[Collected data]
□ □ □ □ □ □ □

(* Let $k=\mathbb R$ or $\mathbb C$, let $(E,g)$ be a finite-dimensional inner product vector space over $k$, let $f\in\operatorname{End}_k(E)$, let $\mathcal H_f=\{H_1,\dots,H_n\}$ be $f$-invariant subspaces with $E=H_1\oplus\dots\oplus H_n$, and write $f_i=f|_{H_i}$. Then: (1) $\operatorname{Im} f=\operatorname{Im} f_1\oplus\dots\oplus\operatorname{Im} f_n$; (2) if $\mathcal H_f^\perp=[\operatorname{Im} f_1]_1^\perp\oplus\dots\oplus[\operatorname{Im} f_n]_n^\perp$, then $E=\operatorname{Im} f\oplus\mathcal H_f^\perp$; (3) $\operatorname{Ker} f=\operatorname{Ker} f_1\oplus\dots\oplus\operatorname{Ker} f_n$; (4) if $\widetilde{\mathcal H}_f^\perp=[\operatorname{Ker} f_1]_1^\perp\oplus\dots\oplus[\operatorname{Ker} f_n]_n^\perp$, then $E=\operatorname{Ker} f\oplus\widetilde{\mathcal H}_f^\perp$; (5) $f$ induces an isomorphism between $\widetilde{\mathcal H}_f^\perp$ and $\operatorname{Im} f$, and $f^+_{\mathcal H_f}(e)=(f|_{\widetilde{\mathcal H}_f^\perp})^{-1}(e)$ for $e\in\operatorname{Im} f$ and $f^+_{\mathcal H_f}(e)=0$ for $e\in\mathcal H_f^\perp$.
   Context: An inner product is linear in the first argument, conjugate-symmetric and positive definite. For a subspace $W\subseteq H_i$, $[W]_i^\perp=\{v\in H_i:g(w,v)=0\ \forall w\in W\}$. For an endomorphism $h$ of a finite-dimensional inner product space $H$, its Moore-Penrose inverse $h^\dagger$ is the linear map equal to $(h|_{[\operatorname{Ker} h]^\perp})^{-1}$ on $\operatorname{Im} h$ and $0$ on $[\operatorname{Im} h]^\perp$ (orthogonal complements taken in $H$). $f^+_{\mathcal H_f}$ is the unique endomorphism of $E$ with $f^+_{\mathcal H_f}|_{H_i}=f_i^\dagger$ for each $i$, where $H_i$ carries the restricted inner product. *)

theory Defs
  imports Complex_Main
begin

□ □ □ □ □ □ □

Line by line, copy the data above.

(* Let $k=\mathbb R$ or $\mathbb C$, let $(E,g)$ be a finite-dimensional inner product vector space over $k$, let $f\in\operatorname{End}_k(E)$, let $\mathcal H_f=\{H_1,\dots,H_n\}$ be $f$-invariant subspaces with $E=H_1\oplus\dots\oplus H_n$, and write $f_i=f|_{H_i}$. Then: (1) $\operatorname{Im} f=\operatorname{Im} f_1\oplus\dots\oplus\operatorname{Im} f_n$; (2) if $\mathcal H_f^\perp=[\operatorname{Im} f_1]_1^\perp\oplus\dots\oplus[\operatorname{Im} f_n]_n^\perp$, then $E=\operatorname{Im} f\oplus\mathcal H_f^\perp$; (3) $\operatorname{Ker} f=\operatorname{Ker} f_1\oplus\dots\oplus\operatorname{Ker} f_n$; (4) if $\widetilde{\mathcal H}_f^\perp=[\operatorname{Ker} f_1]_1^\perp\oplus\dots\oplus[\operatorname{Ker} f_n]_n^\perp$, then $E=\operatorname{Ker} f\oplus\widetilde{\mathcal H}_f^\perp$; (5) $f$ induces an isomorphism between $\widetilde{\mathcal H}_f^\perp$ and $\operatorname{Im} f$, and $f^+_{\mathcal H_f}(e)=(f|_{\widetilde{\mathcal H}_f^\perp})^{-1}(e)$ for $e\in\operatorname{Im} f$ and $f^+_{\mathcal H_f}(e)=0$ for $e\in\mathcal H_f^\perp$.
   Context: An inner product is linear in the first argument, conjugate-symmetric and positive definite. For a subspace $W\subseteq H_i$, $[W]_i^\perp=\{v\in H_i:g(w,v)=0\ \forall w\in W\}$. For an endomorphism $h$ of a finite-dimensional inner product space $H$, its Moore-Penrose inverse $h^\dagger$ is the linear map equal to $(h|_{[\operatorname{Ker} h]^\perp})^{-1}$ on $\operatorname{Im} h$ and $0$ on $[\operatorname{Im} h]^\perp$ (orthogonal complements taken in $H$). $f^+_{\mathcal H_f}$ is the unique endomorphism of $E$ with $f^+_{\mathcal H_f}|_{H_i}=f_i^\dagger$ for each $i$, where $H_i$ carries the restricted inner product. *)

theory Defs
  imports Complex_Main
begin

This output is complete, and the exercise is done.